Draw samples from the predictive conditional distribution. You must call GP.compute() before this function.

Parameters:
  • y(nsamples, ) The observations to condition the model on.

  • t(ntest, ) or (ntest, ndim) The coordinates where the predictive distribution should be computed.

  • size – (optional) The number of samples to draw. (default: 1)

Returns samples (size, ntest), a list of predictions at coordinates given by t.

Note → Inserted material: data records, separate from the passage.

(* Let $(N,M,W,C,P,\overline{Q})$ be an MRS-situation and $(N,M,v)$ the corresponding MRS-game. Then $(N,M,v)$ is balanced, i.e. its core is nonempty.
   Context: An MRS-situation $(N,M,W,C,P,\overline{Q})$ consists of a finite set $N$ of retailers and a finite set $M$ of suppliers (distinct agents), and: for each $j\in M$ a unit production cost $c_j:[0,\infty)\to(0,\infty)$, decreasing and continuous with $c_j(q)q$ nondecreasing, and a wholesale price $w_j:[0,\infty)\to(0,\infty)$, nonincreasing and continuous, with $w_j(q)>c_j(q)$ for all $q\ge0$ and $w_j(q)q$ nondecreasing; for each $i\in N$ a selling price $p_i:[0,\infty)\to\mathbb{R}$, nonincreasing and continuous, with $p_i(0)>w_j(0)$ for all $j$, and $q_i^*>0$ with $p_i(q_i^* )=0$; and capacities $\overline{q}_{ij}\in(0,\infty)$. For an order matrix $q=(q_{ij})_{i\in R,j\in M}\ge0$: $q_{Rj}=\sum_{i\in R}q_{ij}$, $q_{iM}=\sum_{j}q_{ij}$, $q_{RS}=\sum_{j\in S}\sum_{i\in R}q_{ij}$, $q_i=(q_{ij})_j$, $q_R=(q_{Rj})_j$; $c_S(x)=\min_{j\in S}c_j(x)$. For $i\in R$: $\Pi_i(q_i,\Psi^S(q_R))=p_i(q_{iM})q_{iM}-\sum_{j\in S}c_S(q_{RS})q_{ij}-\sum_{j\in M\setminus S}w_j(q_{Rj})q_{ij}$. $\mathbb{Q}^R=\{q\in\mathbb{R}_+^{R\times M}: q_{iM}\le q_i^*,\ q_{ij}\le\overline{q}_{ij}\}$; $q^{(R,S)}$ is an optimal solution of $\max\{\sum_{i\in R}\Pi_i(q_i,\Psi^S(q_R)):q\in\mathbb{Q}^R\}$. The MRS-game is the TU-game on player set $N\cup M$ with $v(R,S)=\sum_{i\in R}\Pi_i(q_i^{(R,S)},\Psi^S(q_R^{(R,S)}))$ for $\emptyset\ne R\subseteq N$, $S\subseteq M$ (value of coalition $R\cup S$), and $v(\emptyset,S)=0$. Its core is $\{x\in\mathbb{R}^{N\cup M}: \sum_{k\in N\cup M}x_k=v(N,M),\ \sum_{k\in R\cup S}x_k\ge v(R,S)\ \forall R\subseteq N, S\subseteq M\}$. *)

theory Defs
  imports "HOL-Analysis.Analysis"
begin

text \<open>Retailers have type 'n, suppliers type 'm; players of the
  game are of type 'n + 'm (so retailers and suppliers are distinct agents).
  An order matrix is a function q :: 'n => 'm => real (only entries in R x M matter).\<close>

definition mrs_situation ::
  "'n set \<Rightarrow> 'm set \<Rightarrow> ('m \<Rightarrow> real \<Rightarrow> real) \<Rightarrow> ('m \<Rightarrow> real \<Rightarrow> real)
   \<Rightarrow> ('n \<Rightarrow> real \<Rightarrow> real) \<Rightarrow> ('n \<Rightarrow> real) \<Rightarrow> ('n \<Rightarrow> 'm \<Rightarrow> real) \<Rightarrow> bool" where
  "mrs_situation N M w c p qstar qbar \<longleftrightarrow>
     finite N \<and> finite M \<and>
     (\<forall>j\<in>M.
        (\<forall>x\<ge>0. c j x > 0) \<and>
        (\<forall>x y. 0 \<le> x \<and> x < y \<longrightarrow> c j y < c j x) \<and>
        continuous_on {0..} (c j) \<and>
        (\<forall>x y. 0 \<le> x \<and> x \<le> y \<longrightarrow> c j x * x \<le> c j y * y) \<and>
        (\<forall>x\<ge>0. w j x > 0) \<and>
        (\<forall>x y. 0 \<le> x \<and> x \<le> y \<longrightarrow> w j y \<le> w j x) \<and>
        continuous_on {0..} (w j) \<and>
        (\<forall>x\<ge>0. w j x > c j x) \<and>
        (\<forall>x y. 0 \<le> x \<and> x \<le> y \<longrightarrow> w j x * x \<le> w j y * y)) \<and>
     (\<forall>i\<in>N.
        (\<forall>x y. 0 \<le> x \<and> x \<le> y \<longrightarrow> p i y \<le> p i x) \<and>
        continuous_on {0..} (p i) \<and>
        (\<forall>j\<in>M. p i 0 > w j 0) \<and>
        qstar i > 0 \<and> p i (qstar i) = 0 \<and>
        (\<forall>j\<in>M. qbar i j > 0))"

set_parameter(name, value)#

Set a parameter value by name

Parameters:
  • name – The name of the parameter

  • value (float) – The new value for the parameter

set_parameter_vector(vector, include_frozen=False)#

Set the parameter values to the given vector

Parameters:
  • vector (array[vector_size] or array[full_size]) – The target parameter vector. This must be in the same order as parameter_names and it should only include frozen parameters if include_frozen is True.

  • include_frozen (Optional[bool]) – Should the frozen parameters be included in the returned value? (default: False)

thaw_all_parameters()#

Thaw all parameters of the model

thaw_parameter(name)#

Thaw a parameter by name

Parameters:

name – The name of the parameter

property vector_size#

The number of active (or unfrozen) parameters

property white_noise#

An object (following the modeling protocol) that specifies the natural logarithm of the white noise variance added to the diagonal of the covariance matrix. You can safely set this to a scalar, a callable, or an instance of a class satisfying the modeling protocol. In each case, it will be evaluated (either by calling the function or evaluating the get_value() method) at the input coordinates and it should return the one-dimensional log-variance evaluated at these coordinates.

This functionality is preferred to the WhiteKernel class provided by earlier versions of this module.